Because the surrounding hills offered protection from the hot, drying breezes, the Los Alamos Valley was the first of the surrounding valleys to feel the plow. An ample supply of groundwater lay just beneath the valley floor. The richness of the soil and the beneficial conditions supplied by cool, damp mornings and plentiful afternoon sunshine assured that virtually any crop could thrive here.

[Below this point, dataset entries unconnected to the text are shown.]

lemma Phi_L0_solution:
  assumes "\<gamma> > 0"
  shows "L0_solution \<gamma> (Phi (\<gamma> + 1))"
proof (rule L0_solutionI)
  have m: "\<gamma> + 1 > 1"
    using assms by simp
  show "(Phi (\<gamma> + 1) has_real_derivative Phi' (\<gamma> + 1) v) (at v)" for v
    using m by (rule has_real_derivative_Phi)
  show "(Phi' (\<gamma> + 1) has_real_derivative Wt \<gamma> v * Phi (\<gamma> + 1) v) (at v)" for v
  proof -
    have "Phi'' (\<gamma> + 1) v = Wt \<gamma> v * Phi (\<gamma> + 1) v"
      using Phi_ode[OF m, of v] by (simp add: Wt_def field_simps)
    then show ?thesis
      using has_real_derivative_Phi'[OF m, of v] by simp
  qed
qed

lemma Phi_pos:
  assumes "m > 1"
  shows "Phi m v > 0"
  unfolding Phi_def
proof (rule integral_pos_lborel[where a = 0 and b = 1])
  show "0 < Phi_kernel m v s" if "0 < s" for s
    using that by (simp add: Phi_kernel_def)
qed (simp_all add: integrable_Phi_kernels[OF assms] Phi_kernel_nonneg)

lemma Phi'_0_neg:
  assumes "m > 1"
  shows "Phi' m 0 < 0"
proof -
  have "0 < (\<integral>s. - Phi_kernel' m 0 s \<partial>lborel)"
  proof (rule integral_pos_lborel[where a = 0 and b = 1])
    show "0 \<le> - Phi_kernel' m 0 s" for s
      using assms Phi_kernel_nonneg[of m 0 s] Phi_kernel_eq_0[of s m 0]
      by (cases "s \<le> 0") (auto simp: Phi_kernel'_def)
    show "0 < - Phi_kernel' m 0 s" if "0 < s" "s < 1" for s
      using that assms by (auto simp: Phi_kernel'_def Phi_kernel_def intro!: mult_pos_pos divide_pos_pos)
  qed (use integrable_Phi_kernels(2)[OF assms] in auto)
  then show ?thesis
    unfolding Phi'_def by simp
qed

section \<open>Asymptotics at infinity\<close>

text \<open>The integrands obtained from \<open>Phi m v\<close> by the substitution \<open>s = v s'\<close> and from
  \<open>Phi m (- w)\<close> by \<open>s = w + t\<close>, with \<open>e = 1 / v\<close> resp. \<open>e = 1 / w\<close>.\<close>

definition Phi_kernel_at_top :: "real \<Rightarrow> real \<Rightarrow> real \<Rightarrow> real" where
  "Phi_kernel_at_top m e s = (max s 0) powr m * (e\<^sup>2 + (1 + s)\<^sup>2) powr (- m)"

definition Phi_kernel_at_bot :: "real \<Rightarrow> real \<Rightarrow> real \<Rightarrow> real" where
  "Phi_kernel_at_bot m e t = (max (1 + e * t) 0) powr m * (1 + t\<^sup>2) powr (- m)"

lemma Phi_rescaled_at_top:
  assumes v: "v > 0"
  shows "v powr (m - 1) * Phi m v = (\<integral>s. Phi_kernel_at_top m (1 / v) s \<partial>lborel)"
proof -
  have "Phi_kernel m v (v * s) = v powr (- m) * Phi_kernel_at_top m (1 / v) s" for s
  proof -
    have "max (v * s) 0 = v * max s 0"
      using v by (auto simp: max_def mult_le_0_iff)
    moreover have "1 + (v + v * s)\<^sup>2 = v\<^sup>2 * ((1 / v)\<^sup>2 + (1 + s)\<^sup>2)"
      using v by (simp add: field_simps power2_eq_square)
    moreover have "(v\<^sup>2) powr (- m) = v powr (- m) * v powr (- m)"
      using v by (simp add: powr_mult[symmetric] power2_eq_square)
    ultimately show ?thesis
      using v by (simp add: Phi_kernel_def Phi_kernel_at_top_def powr_mult powr_add[symmetric])
  qed
  moreover have "Phi m v = v * (\<integral>s. Phi_kernel m v (v * s) \<partial>lborel)"
    unfolding Phi_def using lborel_integral_real_affine[of v "Phi_kernel m v" 0] v by simp
  ultimately have "Phi m v = v * v powr (- m) * (\<integral>s. Phi_kernel_at_top m (1 / v) s \<partial>lborel)"
    by simp
  moreover have "v powr (m - 1) * (v * v powr (- m)) = 1"
    using v by (simp add: powr_diff powr_minus)
  ultimately show ?thesis
    by (metis mult.assoc mult_1)
qed

lemma Phi_rescaled_at_bot:
  assumes w: "w > 0"
  shows "w powr (- m) * Phi m (- w) = (\<integral>t. Phi_kernel_at_bot m (1 / w) t \<partial>lborel)"
proof -
  have "Phi_kernel m (- w) (w + t) = w powr m * Phi_kernel_at_bot m (1 / w) t" for t
  proof -
    have "max (w + t) 0 = w * max (1 + 1 / w * t) 0"
      using w by (auto simp: max_def field_simps mult_le_0_iff)
    then show ?thesis
      using w by (simp add: Phi_kernel_def Phi_kernel_at_bot_def powr_mult)
  qed
  moreover have "Phi m (- w) = (\<integral>t. Phi_kernel m (- w) (w + t) \<partial>lborel)"
    unfolding Phi_def using lborel_integral_real_affine[of 1 "Phi_kernel m (- w)" w] by simp
  ultimately show ?thesis
    using w by (simp add: powr_minus)
qed

lemma isCont_Phi_kernel_at_top: "isCont (\<lambda>e. Phi_kernel_at_top m e s) 0"
proof (cases "s > 0")
  case True
  then show ?thesis
    unfolding Phi_kernel_at_top_def by (intro continuous_intros) auto
next
  case False
  then have "(\<lambda>e. Phi_kernel_at_top m e s) = (\<lambda>e. 0)"
    by (simp add: Phi_kernel_at_top_def max_def)
  then show ?thesis
    by simp
qed

lemma isCont_Phi_kernel_at_bot: "isCont (\<lambda>e. Phi_kernel_at_bot m e t) 0"
  unfolding Phi_kernel_at_bot_def by (intro continuous_intros) auto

At one time, a great inland lake covered the entire Los Alamos Valley. Sea levels were lower than present, as much of the earth’s waters were frozen into ice. The vast weight of thicker ice near the center of the continent lifted the western edge to expose valleys of the coastal ranges and more of the Channel Islands. When the earth began to warm, the ice melted, the sea levels rose, the continent’s western edge settled, and the inland lakes slowly drained. The lake that covered the Los Alamos Valley subsided more slowly than others, depositing copious amounts of rich soil and minerals along the way. At last, only San Antonio Creek remained, carving its way the length of the valley from its upper reaches near Los Olivos to its union with the Pacific Ocean south of the Sal Point Headland.
The Paleo-Indians came during the first warming that followed the last ice age and settled along the coast in the estuaries. These Indians would not have ventured far inland. The interior was inhospitable, a predator hell hole
according to paleozoologist Valerius Geist. It was inhabited by such formidable creatures as three short-faced bear species (two of them super carnivores), lions twice as large as African lions, saber-toothed cats, jaguars, a cheetah-like cat, and large dire wolves. It was a good place to avoid altogether. The grizzly bear, a formidable predator in its own right, came later, possibly by way of the Bering land bridge.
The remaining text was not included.